**What the exercise asks:** From the entries that follow, copy exactly the lines beginning at the line holding "using s by (subst nn_integral_cmult[symmetric])" and continuing through the line holding "Phi a + (LBINT".

(Dataset entries)
lemma emeasure_normal_atMost:
  assumes s: "0 < s"
  shows "emeasure (density lborel (normal_density m s)) {..y} = ennreal (Phi ((y - m) / s))"
proof -
  interpret N: prob_space std_normal by (rule prob_space_std_normal)
  have density_eq: "s * normal_density m s (m + s * x) = std_normal_density x" for x
    using s by (simp add: normal_density_def real_sqrt_mult power_mult_distrib field_simps)
  have indicator_eq: "indicator {..y} (m + s * x) = (indicator {..(y - m) / s} x :: ennreal)" for x
    using s by (auto simp: indicator_def pos_le_divide_eq algebra_simps)
  have "emeasure (density lborel (normal_density m s)) {..y}
      = (\<integral>\<^sup>+x. ennreal (normal_density m s x) * indicator {..y} x \<partial>lborel)"
    by (simp add: emeasure_density)
  also have "\<dots> = ennreal s * (\<integral>\<^sup>+x. ennreal (normal_density m s (m + s * x)) * indicator {..y} (m + s * x) \<partial>lborel)"
    using s by (subst nn_integral_real_affine[where c=s and t=m]) auto
  also have "\<dots> = (\<integral>\<^sup>+x. ennreal (std_normal_density x) * indicator {..(y - m) / s} x \<partial>lborel)"
    using s by (subst nn_integral_cmult[symmetric])
      (auto intro!: nn_integral_cong simp: indicator_eq density_eq[symmetric] ennreal_mult' mult.assoc)
  also have "\<dots> = emeasure std_normal {..(y - m) / s}"
    by (simp add: emeasure_density)
  also have "\<dots> = ennreal (Phi ((y - m) / s))"
    unfolding Phi_def by (rule N.emeasure_eq_measure)
  finally show ?thesis .
qed

lemma Phi_minus: "Phi (- x) = 1 - Phi x"
proof -
  interpret N: prob_space std_normal by (rule prob_space_std_normal)
  have "emeasure std_normal {..-x} = (\<integral>\<^sup>+t. ennreal (std_normal_density t) * indicator {..-x} t \<partial>lborel)"
    by (simp add: emeasure_density)
  also have "\<dots> = (\<integral>\<^sup>+t. ennreal (std_normal_density (0 + -1 * t)) * indicator {..-x} (0 + -1 * t) \<partial>lborel)"
    by (subst nn_integral_real_affine[where c="-1" and t=0]) auto
  also have "\<dots> = emeasure std_normal {x..}"
    by (auto intro!: nn_integral_cong simp: emeasure_density indicator_def std_normal_density_def)
  finally have "Phi (- x) = measure std_normal {x..}"
    unfolding Phi_def by (simp add: measure_def)
  also have "\<dots> = 1 - measure std_normal (space std_normal - {x..})"
    using N.prob_compl[of "{x..}"] by simp
  also have "space std_normal - {x..} = {..<x}"
    by auto
  also have "measure std_normal {..<x} = measure std_normal {..x}"
  proof -
    have "AE y in lborel. y \<in> {x} \<longrightarrow> std_normal_density y = 0"
      by (rule eventually_mono[OF AE_lborel_singleton[of x]]) simp
    then have "{x} \<in> null_sets std_normal"
      by (subst null_sets_density_iff) auto
    moreover have "{..<x} \<union> {x} = {..x}"
      by auto
    ultimately show ?thesis
      using measure_Un_null_set[of "{..<x}" std_normal "{x}"] by simp
  qed
  finally show ?thesis by (simp add: Phi_def)
qed

lemma Phi_0: "Phi 0 = 1/2"
  using Phi_minus[of 0] by simp

lemma Phi_eq_plus_interval_integral:
  assumes "a \<le> u"
  shows "Phi u = Phi a + (LBINT t=a..u. std_normal_density t)"
proof (cases "a = u")
  case False
  with assms have "a < u" by simp
  interpret N: prob_space std_normal by (rule prob_space_std_normal)
  have "Phi u - Phi a = measure std_normal {a<..u}"
    unfolding Phi_eq_cdf
    by (rule finite_borel_measure.cdf_diff_eq[OF finite_borel_measure_std_normal \<open>a < u\<close>])
  also have "\<dots> = integral\<^sup>L std_normal (indicator {a<..u})"
    by (simp add: N.emeasure_eq_measure)
  also have "\<dots> = (LBINT t:{a<..u}. std_normal_density t)"
    by (subst integral_density) (auto simp: set_lebesgue_integral_def mult.commute)
  also have "\<dots> = (LBINT t=a..u. std_normal_density t)"
    using assms by (simp add: interval_integral_Ioc)
  finally show ?thesis by simp
qed simp

lemma DERIV_Phi: "(Phi has_real_derivative std_normal_density x) (at x)"
proof -
  let ?G = "\<lambda>u. Phi (x - 1) + (LBINT t=(x-1)..u. std_normal_density t)"
  have "((\<lambda>u. LBINT t=(x-1)..u. std_normal_density t) has_vector_derivative std_normal_density x)
      (at x within {x-1..x+1})"
    by (rule interval_integral_FTC2)
      (auto simp: std_normal_density_def intro!: continuous_intros)
  then have "(?G has_real_derivative std_normal_density x) (at x)"
    by (auto intro!: derivative_eq_intros
        simp: has_real_derivative_iff_has_vector_derivative at_within_Icc_at)
  then show ?thesis
  proof (rule has_field_derivative_transform_within_open[where S="{x-1<..<x+1}"])
    show "?G y = Phi y" if "y \<in> {x-1<..<x+1}" for y
      using that Phi_eq_plus_interval_integral[of "x-1" y] by simp
  qed auto
qed

lemma continuous_on_Phi: "continuous_on A Phi"
  by (intro continuous_at_imp_continuous_on ballI DERIV_isCont[OF DERIV_Phi])

text \<open>\<open>\<kappa> = \<surd>(\<pi>/2)\<close> is the constant in \<open>C\<^sup>*\<close>: it is the scale for which \<open>\<Phi>(-\<kappa> x)\<close> and \<open>e\<^sup>-\<^sup>x / 2\<close>
  have the same value and slope at \<open>x = 0\<close>.\<close>
definition kappa :: real where "kappa = sqrt (pi / 2)"

lemma kappa_pos: "0 < kappa"
  unfolding kappa_def by simp

definition Phi_tail_gap :: "real \<Rightarrow> real" where
  "Phi_tail_gap x = exp (- x) / 2 - Phi (- kappa * x)"

lemma DERIV_Phi_tail_gap:
  "(Phi_tail_gap has_real_derivative (exp (- (pi * x\<^sup>2 / 4)) - exp (- x)) / 2) (at x)"
proof -
  have density: "std_normal_density (- kappa * x) * kappa = exp (- (pi * x\<^sup>2 / 4)) / 2"
    unfolding kappa_def
    by (simp add: std_normal_density_def real_sqrt_divide real_sqrt_mult power_mult_distrib field_simps)
  have "((\<lambda>x. Phi (- kappa * x)) has_real_derivative std_normal_density (- kappa * x) * (- kappa)) (at x)"
    by (rule DERIV_chain2[OF DERIV_Phi]) (auto intro!: derivative_eq_intros)
  then have "(Phi_tail_gap has_real_derivative
      - exp (- x) / 2 - std_normal_density (- kappa * x) * (- kappa)) (at x)"
    unfolding Phi_tail_gap_def[abs_def] by (intro DERIV_diff) (auto intro!: derivative_eq_intros)
  moreover have "- exp (- x) / 2 - std_normal_density (- kappa * x) * (- kappa)
      = (exp (- (pi * x\<^sup>2 / 4)) - exp (- x)) / 2"
    using density by (simp add: diff_divide_distrib)
  ultimately show ?thesis
    by (metis DERIV_cong)
qed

**Answer to this problem:**
    using s by (subst nn_integral_cmult[symmetric])
      (auto intro!: nn_integral_cong simp: indicator_eq density_eq[symmetric] ennreal_mult' mult.assoc)
  also have "\<dots> = emeasure std_normal {..(y - m) / s}"
    by (simp add: emeasure_density)
  also have "\<dots> = ennreal (Phi ((y - m) / s))"
    unfolding Phi_def by (rule N.emeasure_eq_measure)
  finally show ?thesis .
qed

lemma Phi_minus: "Phi (- x) = 1 - Phi x"
proof -
  interpret N: prob_space std_normal by (rule prob_space_std_normal)
  have "emeasure std_normal {..-x} = (\<integral>\<^sup>+t. ennreal (std_normal_density t) * indicator {..-x} t \<partial>lborel)"
    by (simp add: emeasure_density)
  also have "\<dots> = (\<integral>\<^sup>+t. ennreal (std_normal_density (0 + -1 * t)) * indicator {..-x} (0 + -1 * t) \<partial>lborel)"
    by (subst nn_integral_real_affine[where c="-1" and t=0]) auto
  also have "\<dots> = emeasure std_normal {x..}"
    by (auto intro!: nn_integral_cong simp: emeasure_density indicator_def std_normal_density_def)
  finally have "Phi (- x) = measure std_normal {x..}"
    unfolding Phi_def by (simp add: measure_def)
  also have "\<dots> = 1 - measure std_normal (space std_normal - {x..})"
    using N.prob_compl[of "{x..}"] by simp
  also have "space std_normal - {x..} = {..<x}"
    by auto
  also have "measure std_normal {..<x} = measure std_normal {..x}"
  proof -
    have "AE y in lborel. y \<in> {x} \<longrightarrow> std_normal_density y = 0"
      by (rule eventually_mono[OF AE_lborel_singleton[of x]]) simp
    then have "{x} \<in> null_sets std_normal"
      by (subst null_sets_density_iff) auto
    moreover have "{..<x} \<union> {x} = {..x}"
      by auto
    ultimately show ?thesis
      using measure_Un_null_set[of "{..<x}" std_normal "{x}"] by simp
  qed
  finally show ?thesis by (simp add: Phi_def)
qed

lemma Phi_0: "Phi 0 = 1/2"
  using Phi_minus[of 0] by simp

lemma Phi_eq_plus_interval_integral:
  assumes "a \<le> u"
  shows "Phi u = Phi a + (LBINT t=a..u. std_normal_density t)"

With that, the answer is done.